(Provided entries Opens)

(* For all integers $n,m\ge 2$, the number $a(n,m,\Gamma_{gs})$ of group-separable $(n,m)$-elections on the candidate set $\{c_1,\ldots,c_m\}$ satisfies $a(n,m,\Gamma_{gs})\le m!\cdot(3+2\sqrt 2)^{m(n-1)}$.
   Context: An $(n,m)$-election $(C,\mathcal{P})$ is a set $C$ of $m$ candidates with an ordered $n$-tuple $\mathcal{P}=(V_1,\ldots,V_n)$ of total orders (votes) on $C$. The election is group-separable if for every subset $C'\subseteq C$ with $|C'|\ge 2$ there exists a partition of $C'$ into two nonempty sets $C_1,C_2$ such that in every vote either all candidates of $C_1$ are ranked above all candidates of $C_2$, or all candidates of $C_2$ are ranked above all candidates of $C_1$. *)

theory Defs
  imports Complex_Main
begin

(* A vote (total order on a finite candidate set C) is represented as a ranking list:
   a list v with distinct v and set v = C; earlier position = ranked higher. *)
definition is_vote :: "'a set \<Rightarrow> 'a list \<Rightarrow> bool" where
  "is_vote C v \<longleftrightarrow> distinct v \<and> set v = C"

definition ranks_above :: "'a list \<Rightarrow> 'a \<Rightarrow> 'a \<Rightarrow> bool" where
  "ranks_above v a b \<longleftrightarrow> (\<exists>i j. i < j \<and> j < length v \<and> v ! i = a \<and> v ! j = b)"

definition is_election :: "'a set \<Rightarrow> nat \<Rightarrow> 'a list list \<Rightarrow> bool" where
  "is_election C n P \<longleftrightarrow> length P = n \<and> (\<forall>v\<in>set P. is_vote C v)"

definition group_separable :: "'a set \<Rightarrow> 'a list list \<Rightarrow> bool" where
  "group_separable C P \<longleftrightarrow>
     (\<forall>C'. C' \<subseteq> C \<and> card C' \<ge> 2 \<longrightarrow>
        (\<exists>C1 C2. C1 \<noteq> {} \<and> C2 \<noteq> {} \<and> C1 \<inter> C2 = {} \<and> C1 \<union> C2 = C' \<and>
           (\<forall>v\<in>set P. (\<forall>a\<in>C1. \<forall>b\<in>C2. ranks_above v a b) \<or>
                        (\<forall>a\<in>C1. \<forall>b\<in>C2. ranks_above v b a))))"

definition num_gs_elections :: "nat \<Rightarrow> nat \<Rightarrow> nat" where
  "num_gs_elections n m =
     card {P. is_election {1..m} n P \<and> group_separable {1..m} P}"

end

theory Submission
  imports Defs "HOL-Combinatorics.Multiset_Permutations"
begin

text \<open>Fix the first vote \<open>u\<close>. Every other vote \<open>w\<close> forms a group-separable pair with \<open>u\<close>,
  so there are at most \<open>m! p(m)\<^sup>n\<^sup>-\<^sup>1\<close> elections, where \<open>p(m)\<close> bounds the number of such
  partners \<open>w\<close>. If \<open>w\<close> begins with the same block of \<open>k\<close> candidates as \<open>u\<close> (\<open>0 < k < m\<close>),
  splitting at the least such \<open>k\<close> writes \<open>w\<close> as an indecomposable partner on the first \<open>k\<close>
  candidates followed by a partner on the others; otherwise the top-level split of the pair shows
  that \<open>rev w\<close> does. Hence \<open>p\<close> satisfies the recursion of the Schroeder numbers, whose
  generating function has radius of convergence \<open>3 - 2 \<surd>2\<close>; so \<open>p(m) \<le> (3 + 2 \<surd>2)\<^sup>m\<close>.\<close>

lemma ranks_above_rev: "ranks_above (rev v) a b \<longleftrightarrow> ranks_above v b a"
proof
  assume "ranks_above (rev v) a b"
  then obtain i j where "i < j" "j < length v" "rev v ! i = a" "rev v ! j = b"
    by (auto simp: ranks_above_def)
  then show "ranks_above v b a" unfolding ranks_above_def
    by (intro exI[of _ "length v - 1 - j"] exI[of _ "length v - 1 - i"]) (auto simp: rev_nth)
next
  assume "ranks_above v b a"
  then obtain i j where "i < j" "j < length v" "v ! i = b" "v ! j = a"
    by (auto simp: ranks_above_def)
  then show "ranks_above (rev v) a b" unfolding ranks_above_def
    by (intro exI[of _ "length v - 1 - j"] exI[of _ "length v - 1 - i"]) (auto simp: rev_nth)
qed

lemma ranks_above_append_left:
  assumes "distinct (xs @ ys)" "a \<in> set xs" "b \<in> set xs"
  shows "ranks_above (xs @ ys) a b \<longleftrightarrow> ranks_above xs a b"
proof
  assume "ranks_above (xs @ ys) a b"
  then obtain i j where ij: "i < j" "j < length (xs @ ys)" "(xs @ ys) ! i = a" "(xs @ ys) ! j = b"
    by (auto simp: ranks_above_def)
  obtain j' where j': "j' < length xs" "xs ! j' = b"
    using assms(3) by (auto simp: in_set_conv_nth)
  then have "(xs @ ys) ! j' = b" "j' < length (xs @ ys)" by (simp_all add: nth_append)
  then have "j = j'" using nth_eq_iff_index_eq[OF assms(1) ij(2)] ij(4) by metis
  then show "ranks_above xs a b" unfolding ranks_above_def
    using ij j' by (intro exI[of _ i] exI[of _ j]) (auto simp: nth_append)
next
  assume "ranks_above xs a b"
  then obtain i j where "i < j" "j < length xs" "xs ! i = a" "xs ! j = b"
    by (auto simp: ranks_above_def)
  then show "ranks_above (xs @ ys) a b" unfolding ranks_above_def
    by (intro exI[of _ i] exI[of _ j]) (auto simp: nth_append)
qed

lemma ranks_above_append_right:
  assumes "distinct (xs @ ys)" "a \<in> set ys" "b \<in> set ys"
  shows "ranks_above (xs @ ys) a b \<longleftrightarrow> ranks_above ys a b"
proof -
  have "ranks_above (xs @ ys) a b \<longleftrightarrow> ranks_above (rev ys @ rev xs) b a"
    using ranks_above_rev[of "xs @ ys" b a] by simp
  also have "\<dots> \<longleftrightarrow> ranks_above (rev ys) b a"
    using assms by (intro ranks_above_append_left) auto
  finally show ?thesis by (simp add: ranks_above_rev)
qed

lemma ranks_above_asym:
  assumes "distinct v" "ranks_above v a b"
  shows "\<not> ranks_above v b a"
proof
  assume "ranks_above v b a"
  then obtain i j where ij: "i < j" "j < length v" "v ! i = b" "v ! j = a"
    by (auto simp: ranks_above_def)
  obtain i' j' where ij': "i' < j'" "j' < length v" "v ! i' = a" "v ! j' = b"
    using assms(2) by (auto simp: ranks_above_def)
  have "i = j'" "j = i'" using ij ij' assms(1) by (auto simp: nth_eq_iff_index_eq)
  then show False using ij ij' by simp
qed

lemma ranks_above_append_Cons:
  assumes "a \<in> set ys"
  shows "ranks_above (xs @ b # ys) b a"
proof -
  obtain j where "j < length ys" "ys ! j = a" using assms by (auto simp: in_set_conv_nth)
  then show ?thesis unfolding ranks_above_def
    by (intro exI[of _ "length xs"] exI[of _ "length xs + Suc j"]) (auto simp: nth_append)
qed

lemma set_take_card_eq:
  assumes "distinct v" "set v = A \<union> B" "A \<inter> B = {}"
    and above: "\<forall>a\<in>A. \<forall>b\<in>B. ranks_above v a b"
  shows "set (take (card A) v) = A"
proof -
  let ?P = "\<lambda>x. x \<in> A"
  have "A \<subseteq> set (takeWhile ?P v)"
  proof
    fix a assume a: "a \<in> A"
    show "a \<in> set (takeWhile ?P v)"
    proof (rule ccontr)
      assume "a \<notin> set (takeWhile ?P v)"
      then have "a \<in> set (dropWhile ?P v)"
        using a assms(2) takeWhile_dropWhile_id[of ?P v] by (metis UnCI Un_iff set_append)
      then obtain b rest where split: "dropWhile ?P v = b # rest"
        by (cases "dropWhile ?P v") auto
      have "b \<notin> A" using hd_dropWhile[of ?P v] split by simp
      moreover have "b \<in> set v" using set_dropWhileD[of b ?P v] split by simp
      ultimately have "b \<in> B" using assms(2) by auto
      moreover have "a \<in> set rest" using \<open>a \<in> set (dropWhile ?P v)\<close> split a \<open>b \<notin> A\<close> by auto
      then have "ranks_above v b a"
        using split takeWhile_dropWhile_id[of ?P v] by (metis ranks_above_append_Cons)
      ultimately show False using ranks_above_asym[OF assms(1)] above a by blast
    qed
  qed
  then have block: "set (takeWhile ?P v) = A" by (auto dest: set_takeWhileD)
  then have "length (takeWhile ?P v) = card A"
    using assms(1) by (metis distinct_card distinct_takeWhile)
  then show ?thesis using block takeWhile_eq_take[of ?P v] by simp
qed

(Provided entries Closes)
(Provided entries Opens)

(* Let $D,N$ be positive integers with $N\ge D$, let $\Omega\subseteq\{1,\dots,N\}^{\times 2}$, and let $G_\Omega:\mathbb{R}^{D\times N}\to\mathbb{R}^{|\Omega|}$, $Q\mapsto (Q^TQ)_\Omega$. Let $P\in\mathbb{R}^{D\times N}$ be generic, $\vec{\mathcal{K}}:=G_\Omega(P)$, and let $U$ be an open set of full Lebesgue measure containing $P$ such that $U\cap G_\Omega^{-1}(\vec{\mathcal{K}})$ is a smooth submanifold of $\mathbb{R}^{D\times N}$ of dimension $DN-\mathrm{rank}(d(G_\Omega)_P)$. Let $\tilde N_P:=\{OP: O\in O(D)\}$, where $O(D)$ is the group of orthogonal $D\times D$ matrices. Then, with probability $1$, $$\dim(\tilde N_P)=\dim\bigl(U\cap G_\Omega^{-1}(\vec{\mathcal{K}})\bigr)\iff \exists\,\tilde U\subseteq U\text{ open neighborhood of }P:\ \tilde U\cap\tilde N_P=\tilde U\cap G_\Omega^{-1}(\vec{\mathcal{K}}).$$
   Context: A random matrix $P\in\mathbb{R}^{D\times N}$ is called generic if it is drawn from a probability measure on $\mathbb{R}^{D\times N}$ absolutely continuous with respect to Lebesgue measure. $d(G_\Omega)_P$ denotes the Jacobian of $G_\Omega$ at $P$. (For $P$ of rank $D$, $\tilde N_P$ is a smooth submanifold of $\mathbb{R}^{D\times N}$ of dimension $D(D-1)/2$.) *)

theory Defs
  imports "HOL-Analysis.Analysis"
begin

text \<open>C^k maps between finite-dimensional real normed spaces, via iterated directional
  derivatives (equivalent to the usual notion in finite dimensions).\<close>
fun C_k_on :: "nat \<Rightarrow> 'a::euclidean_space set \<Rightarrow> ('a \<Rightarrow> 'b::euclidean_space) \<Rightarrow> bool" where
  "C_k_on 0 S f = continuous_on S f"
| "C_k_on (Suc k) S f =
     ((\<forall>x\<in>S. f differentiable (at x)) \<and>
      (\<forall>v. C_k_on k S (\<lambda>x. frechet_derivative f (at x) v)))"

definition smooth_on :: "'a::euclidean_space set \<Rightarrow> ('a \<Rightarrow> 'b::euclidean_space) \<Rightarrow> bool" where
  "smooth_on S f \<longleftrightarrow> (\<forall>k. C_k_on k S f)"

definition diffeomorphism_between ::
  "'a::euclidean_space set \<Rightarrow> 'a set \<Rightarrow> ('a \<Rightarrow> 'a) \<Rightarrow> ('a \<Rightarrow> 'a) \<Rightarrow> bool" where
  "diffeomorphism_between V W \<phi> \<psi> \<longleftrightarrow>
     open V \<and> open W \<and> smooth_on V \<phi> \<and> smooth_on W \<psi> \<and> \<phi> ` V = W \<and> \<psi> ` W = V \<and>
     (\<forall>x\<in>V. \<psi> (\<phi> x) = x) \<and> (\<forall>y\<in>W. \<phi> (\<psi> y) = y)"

(Provided entries Closes)

- Task brief: Scan the lines above for the word "False" and copy every one where it occurs.

- Result:
  then show False using ij ij' by simp
      ultimately show False using ranks_above_asym[OF assms(1)] above a by blast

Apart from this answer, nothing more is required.